Lady Chatterley’s Lover

Philosophy> I spent most of Sunday reading Lady Chatterley’s Lover for a Philosophy of Love class I’m helping teach, and I finished it on the train to work Monday. At that point, I thought it was beautiful, powerful, endlessly intriguing, etc. Then, on the way back from work, I read the “a propos” written by D.H. Lawrence at the end of my copy of the book on what he intended by it, and why he wrote it. It blew me away. It’s not often that one comes away from a book convinced of the nobility of the heros, only to find that oneself is the villain.

I think that by the book, I’m not a real man. I’m mostly just a more timid form of Clifford, the ego-centric, all-mental husband. In the a propos, Lawrence describes his concept of a real man not just as one who has “courage in tenderness” or a strong connection between his body and his mind, but as one who experiences life fully, and breaks out of the emotional shallowness both the modern Puritan and the modern rebel. I think, by its standards, I haven’t felt a real, raw emotion in years– ever, in my memory. I do feel emotion, but in Lawrence’s words, my body supplies me with emotion like a trained animal.

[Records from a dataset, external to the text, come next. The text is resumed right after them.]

(* Let $(G,\cdot,N,\star,\odot)$ be a left bracoid (a left skew bracoid with $(N,\star)$ abelian) and $(H,\circ)$ a group. Assume (a) $\boxdot$ is a transitive right action of $(H,\circ)$ on $N$ such that $g\odot(\eta\boxdot h)=(g\odot\eta)\boxdot h$ for all $g\in G$, $h\in H$, $\eta\in N$; and (b) ${}^{\alpha(g)}(\eta^{\beta(h)})=({}^{\alpha(g)}\eta)^{\beta(h)}$ for all $g\in G$, $h\in H$, $\eta\in N$. Then $(G,\cdot,\odot,H,\circ,\boxdot,N,\star)$ is a two-sided bracoid; in particular $(\eta\star\mu)\boxdot h=(\eta\boxdot h)\star\overline{(e_N\boxdot h)}\star(\mu\boxdot h)$ for all $\eta,\mu\in N$, $h\in H$.
   Context: For a group $(N,\star)$, $e_N$ denotes its identity and $\overline{\eta}$ the inverse of $\eta$. A left skew bracoid is $(G,\cdot,N,\star,\odot)$ with $(G,\cdot),(N,\star)$ groups and $\odot$ a transitive left action of $G$ on $N$ with $g\odot(\mu\star\eta)=(g\odot\mu)\star\overline{(g\odot e_N)}\star(g\odot\eta)$ for all $g\in G$, $\mu,\eta\in N$. A right skew bracoid is $(H,\circ,N,\star,\boxdot)$ with $(H,\circ),(N,\star)$ groups and $\boxdot$ a transitive right action of $H$ on $N$ with $(\eta\star\mu)\boxdot h=(\eta\boxdot h)\star\overline{(e_N\boxdot h)}\star(\mu\boxdot h)$ for all $h\in H$, $\eta,\mu\in N$. A two-sided bracoid $(G,\cdot,\odot,H,\circ,\boxdot,N,\star)$ consists of a left skew bracoid $(G,\cdot,N,\star,\odot)$ and a right skew bracoid $(H,\circ,N,\star,\boxdot)$ with $(N,\star)$ abelian such that $g\odot(\eta\boxdot h)=(g\odot\eta)\boxdot h$ for all $g\in G,h\in H,\eta\in N$. For $g\in G$, ${}^{\alpha(g)}\eta=\overline{(g\odot e_N)}\star(g\odot\eta)\star\overline{\eta}$. For $h\in H$, $\eta^{\beta(h)}=\overline{\eta}\star(\eta\boxdot h)\star\overline{(e_N\boxdot h)}$. *)

theory Defs
  imports "HOL-Algebra.Group"
begin

definition left_action :: "('g,'a) monoid_scheme \<Rightarrow> ('n,'b) monoid_scheme \<Rightarrow> ('g \<Rightarrow> 'n \<Rightarrow> 'n) \<Rightarrow> bool" where
  "left_action G N act \<longleftrightarrow>
     (\<forall>g\<in>carrier G. \<forall>\<eta>\<in>carrier N. act g \<eta> \<in> carrier N) \<and>
     (\<forall>\<eta>\<in>carrier N. act \<one>\<^bsub>G\<^esub> \<eta> = \<eta>) \<and>
     (\<forall>g\<in>carrier G. \<forall>k\<in>carrier G. \<forall>\<eta>\<in>carrier N. act (g \<otimes>\<^bsub>G\<^esub> k) \<eta> = act g (act k \<eta>))"

definition transitive_left_action :: "('g,'a) monoid_scheme \<Rightarrow> ('n,'b) monoid_scheme \<Rightarrow> ('g \<Rightarrow> 'n \<Rightarrow> 'n) \<Rightarrow> bool" where
  "transitive_left_action G N act \<longleftrightarrow> left_action G N act \<and>
     (\<forall>\<eta>\<in>carrier N. \<forall>\<mu>\<in>carrier N. \<exists>g\<in>carrier G. act g \<eta> = \<mu>)"

definition right_action :: "('h,'a) monoid_scheme \<Rightarrow> ('n,'b) monoid_scheme \<Rightarrow> ('n \<Rightarrow> 'h \<Rightarrow> 'n) \<Rightarrow> bool" where
  "right_action H N ract \<longleftrightarrow>
     (\<forall>h\<in>carrier H. \<forall>\<eta>\<in>carrier N. ract \<eta> h \<in> carrier N) \<and>
     (\<forall>\<eta>\<in>carrier N. ract \<eta> \<one>\<^bsub>H\<^esub> = \<eta>) \<and>
     (\<forall>h\<in>carrier H. \<forall>k\<in>carrier H. \<forall>\<eta>\<in>carrier N. ract \<eta> (h \<otimes>\<^bsub>H\<^esub> k) = ract (ract \<eta> h) k)"

definition transitive_right_action :: "('h,'a) monoid_scheme \<Rightarrow> ('n,'b) monoid_scheme \<Rightarrow> ('n \<Rightarrow> 'h \<Rightarrow> 'n) \<Rightarrow> bool" where
  "transitive_right_action H N ract \<longleftrightarrow> right_action H N ract \<and>
     (\<forall>\<eta>\<in>carrier N. \<forall>\<mu>\<in>carrier N. \<exists>h\<in>carrier H. ract \<eta> h = \<mu>)"

definition left_skew_bracoid :: "('g,'a) monoid_scheme \<Rightarrow> ('n,'b) monoid_scheme \<Rightarrow> ('g \<Rightarrow> 'n \<Rightarrow> 'n) \<Rightarrow> bool" where
  "left_skew_bracoid G N act \<longleftrightarrow> group G \<and> group N \<and> transitive_left_action G N act \<and>
     (\<forall>g\<in>carrier G. \<forall>\<mu>\<in>carrier N. \<forall>\<eta>\<in>carrier N.
        act g (\<mu> \<otimes>\<^bsub>N\<^esub> \<eta>) = act g \<mu> \<otimes>\<^bsub>N\<^esub> inv\<^bsub>N\<^esub> (act g \<one>\<^bsub>N\<^esub>) \<otimes>\<^bsub>N\<^esub> act g \<eta>)"

definition left_bracoid :: "('g,'a) monoid_scheme \<Rightarrow> ('n,'b) monoid_scheme \<Rightarrow> ('g \<Rightarrow> 'n \<Rightarrow> 'n) \<Rightarrow> bool" where
  "left_bracoid G N act \<longleftrightarrow> left_skew_bracoid G N act \<and> comm_group N"

definition right_skew_bracoid :: "('h,'a) monoid_scheme \<Rightarrow> ('n,'b) monoid_scheme \<Rightarrow> ('n \<Rightarrow> 'h \<Rightarrow> 'n) \<Rightarrow> bool" where
  "right_skew_bracoid H N ract \<longleftrightarrow> group H \<and> group N \<and> transitive_right_action H N ract \<and>
     (\<forall>h\<in>carrier H. \<forall>\<eta>\<in>carrier N. \<forall>\<mu>\<in>carrier N.
        ract (\<eta> \<otimes>\<^bsub>N\<^esub> \<mu>) h = ract \<eta> h \<otimes>\<^bsub>N\<^esub> inv\<^bsub>N\<^esub> (ract \<one>\<^bsub>N\<^esub> h) \<otimes>\<^bsub>N\<^esub> ract \<mu> h)"

definition two_sided_bracoid ::
  "('g,'a) monoid_scheme \<Rightarrow> ('g \<Rightarrow> 'n \<Rightarrow> 'n) \<Rightarrow> ('h,'c) monoid_scheme \<Rightarrow> ('n \<Rightarrow> 'h \<Rightarrow> 'n) \<Rightarrow> ('n,'b) monoid_scheme \<Rightarrow> bool" where
  "two_sided_bracoid G act H ract N \<longleftrightarrow>
     left_skew_bracoid G N act \<and> right_skew_bracoid H N ract \<and> comm_group N \<and>
     (\<forall>g\<in>carrier G. \<forall>h\<in>carrier H. \<forall>\<eta>\<in>carrier N. act g (ract \<eta> h) = ract (act g \<eta>) h)"

definition alpha_act :: "('g \<Rightarrow> 'n \<Rightarrow> 'n) \<Rightarrow> ('n,'b) monoid_scheme \<Rightarrow> 'g \<Rightarrow> 'n \<Rightarrow> 'n" where
  "alpha_act act N g \<eta> = inv\<^bsub>N\<^esub> (act g \<one>\<^bsub>N\<^esub>) \<otimes>\<^bsub>N\<^esub> act g \<eta> \<otimes>\<^bsub>N\<^esub> inv\<^bsub>N\<^esub> \<eta>"

definition beta_act :: "('n \<Rightarrow> 'h \<Rightarrow> 'n) \<Rightarrow> ('n,'b) monoid_scheme \<Rightarrow> 'h \<Rightarrow> 'n \<Rightarrow> 'n" where
  "beta_act ract N h \<eta> = inv\<^bsub>N\<^esub> \<eta> \<otimes>\<^bsub>N\<^esub> ract \<eta> h \<otimes>\<^bsub>N\<^esub> inv\<^bsub>N\<^esub> (ract \<one>\<^bsub>N\<^esub> h)"

end

theory Submission
  imports Defs
begin

text \<open>
  Choosing for each \<open>a \<in> N\<close> some \<open>g\<close> with \<open>g \<odot> e = a\<close>, the product \<open>a \<circ> b = g \<odot> b\<close> makes
  \<open>N\<close> a skew brace. It does not depend on the choice of \<open>g\<close> because \<open>\<odot>\<close> commutes with the
  transitive right action, and that action is recovered as \<open>ract \<eta> h = \<eta> \<circ> ract e h\<close>.
  Both \<open>\<alpha>(g)\<close> and \<open>\<beta>(h)\<close> act through the brace operation \<open>a * b = a\<inverse> (a \<circ> b) b\<inverse>\<close>, so
  hypothesis (b) says exactly that \<open>*\<close> is associative. For abelian \<open>N\<close> this forces right
  distributivity \<open>(x y) \<circ> c = (x \<circ> c) c\<inverse> (y \<circ> c)\<close>, as in Rump's characterisation of
  two-sided braces, and via \<open>ract \<eta> h = \<eta> \<circ> ract e h\<close> this is the right skew bracoid law.
\<close>

lemma (in group) mult_inv_cancel [simp]: "\<lbrakk>x \<in> carrier G; y \<in> carrier G\<rbrakk> \<Longrightarrow> x \<otimes> (inv x \<otimes> y) = y"
  by (simp flip: m_assoc)

lemma (in comm_group) mult_lcomm_inv_cancel [simp]:
  "\<lbrakk>x \<in> carrier G; y \<in> carrier G; z \<in> carrier G\<rbrakk> \<Longrightarrow> x \<otimes> (y \<otimes> (inv x \<otimes> z)) = y \<otimes> z"
  by (simp add: m_lcomm [of x y])

locale skew_brace = group G for G (structure) +
  fixes circ :: "'a \<Rightarrow> 'a \<Rightarrow> 'a"
  assumes circ_closed [simp]: "\<lbrakk>a \<in> carrier G; b \<in> carrier G\<rbrakk> \<Longrightarrow> circ a b \<in> carrier G"
    and circ_assoc: "\<lbrakk>a \<in> carrier G; b \<in> carrier G; c \<in> carrier G\<rbrakk> \<Longrightarrow>
      circ (circ a b) c = circ a (circ b c)"
    and circ_one_left [simp]: "b \<in> carrier G \<Longrightarrow> circ \<one> b = b"
    and circ_one_right [simp]: "a \<in> carrier G \<Longrightarrow> circ a \<one> = a"
    and circ_inverse: "a \<in> carrier G \<Longrightarrow> \<exists>a'\<in>carrier G. circ a a' = \<one> \<and> circ a' a = \<one>"
    and circ_mult_right: "\<lbrakk>a \<in> carrier G; b \<in> carrier G; c \<in> carrier G\<rbrakk> \<Longrightarrow>
      circ a (b \<otimes> c) = circ a b \<otimes> inv a \<otimes> circ a c"
begin

definition star :: "'a \<Rightarrow> 'a \<Rightarrow> 'a" where
  "star a b = inv a \<otimes> circ a b \<otimes> inv b"

lemma star_closed [simp]: "\<lbrakk>a \<in> carrier G; b \<in> carrier G\<rbrakk> \<Longrightarrow> star a b \<in> carrier G"
  by (simp add: star_def)

end

locale left_brace = comm_group G + skew_brace G circ for G (structure) and circ
begin

lemma circ_eq_star: "\<lbrakk>a \<in> carrier G; b \<in> carrier G\<rbrakk> \<Longrightarrow> circ a b = a \<otimes> b \<otimes> star a b"
  by (simp add: star_def m_ac)

lemma star_mult_right:
  "\<lbrakk>a \<in> carrier G; b \<in> carrier G; c \<in> carrier G\<rbrakk> \<Longrightarrow> star a (b \<otimes> c) = star a b \<otimes> star a c"
  by (simp add: star_def circ_mult_right inv_mult m_ac)

lemma star_one_left [simp]: "b \<in> carrier G \<Longrightarrow> star \<one> b = \<one>"
  by (simp add: star_def)

lemma star_one_right [simp]: "a \<in> carrier G \<Longrightarrow> star a \<one> = \<one>"
  by (simp add: star_def)

lemma star_inv_right: "\<lbrakk>a \<in> carrier G; b \<in> carrier G\<rbrakk> \<Longrightarrow> star a (inv b) = inv (star a b)"
  using star_mult_right [of a "inv b" b] by (simp add: inv_equality)

lemma star_circ_left:
  assumes "a \<in> carrier G" "b \<in> carrier G" "c \<in> carrier G"
  shows "star (circ a b) c = star a (star b c) \<otimes> star a c \<otimes> star b c"
proof -
  have "(a \<otimes> b \<otimes> c \<otimes> star a b) \<otimes> star (circ a b) c = circ (circ a b) c"
    using assms by (simp add: circ_eq_star m_ac)
  also have "\<dots> = circ a (circ b c)"
    using assms by (rule circ_assoc)
  also have "\<dots> = (a \<otimes> b \<otimes> c \<otimes> star a b) \<otimes> (star a (star b c) \<otimes> star a c \<otimes> star b c)"
    using assms by (simp add: circ_eq_star star_mult_right m_ac)
  finally show ?thesis
    using assms by simp
qed

lemma star_star_circ_inverse:
  assumes "a \<in> carrier G" "a' \<in> carrier G" "c \<in> carrier G" and "circ a a' = \<one>"
  shows "star a (star a' c) = inv (star a c \<otimes> star a' c)"
  using star_circ_left [of a a' c] assms by (simp add: inv_equality m_assoc)

end

locale left_brace_star_assoc = left_brace +
  assumes star_assoc: "\<lbrakk>a \<in> carrier G; b \<in> carrier G; c \<in> carrier G\<rbrakk> \<Longrightarrow>
    star (star a b) c = star a (star b c)"
begin

lemma star_inv_left:
  assumes "a \<in> carrier G" "c \<in> carrier G"
  shows "star (inv a) c = inv (star a c)"
proof -
  have "circ a (inv a) = star a (inv a)"
    using assms by (simp add: circ_eq_star)
  then have "star a c \<otimes> star (inv a) c = \<one>"
    using star_circ_left [of a "inv a" c] assms by (simp add: star_assoc m_assoc)
  then show ?thesis
    using assms by (intro inv_equality [symmetric]) (simp_all add: m_comm)
qed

Moreover, it seems like any halting steps that I might take to expand my emotional world go badly (and are opposed by others). Its clear that this particular fire in me has gone dead, but I seem to have perserved the hearth, and perhaps to more harm than good.

Politics> I also finished Don’t Think of an Elephant. There are some good pointers in the last section, but otherwise it’s pretty repetitive, if you grok the first chapter. I’ve scanned in the first chapter, Framing 101, for any who want it.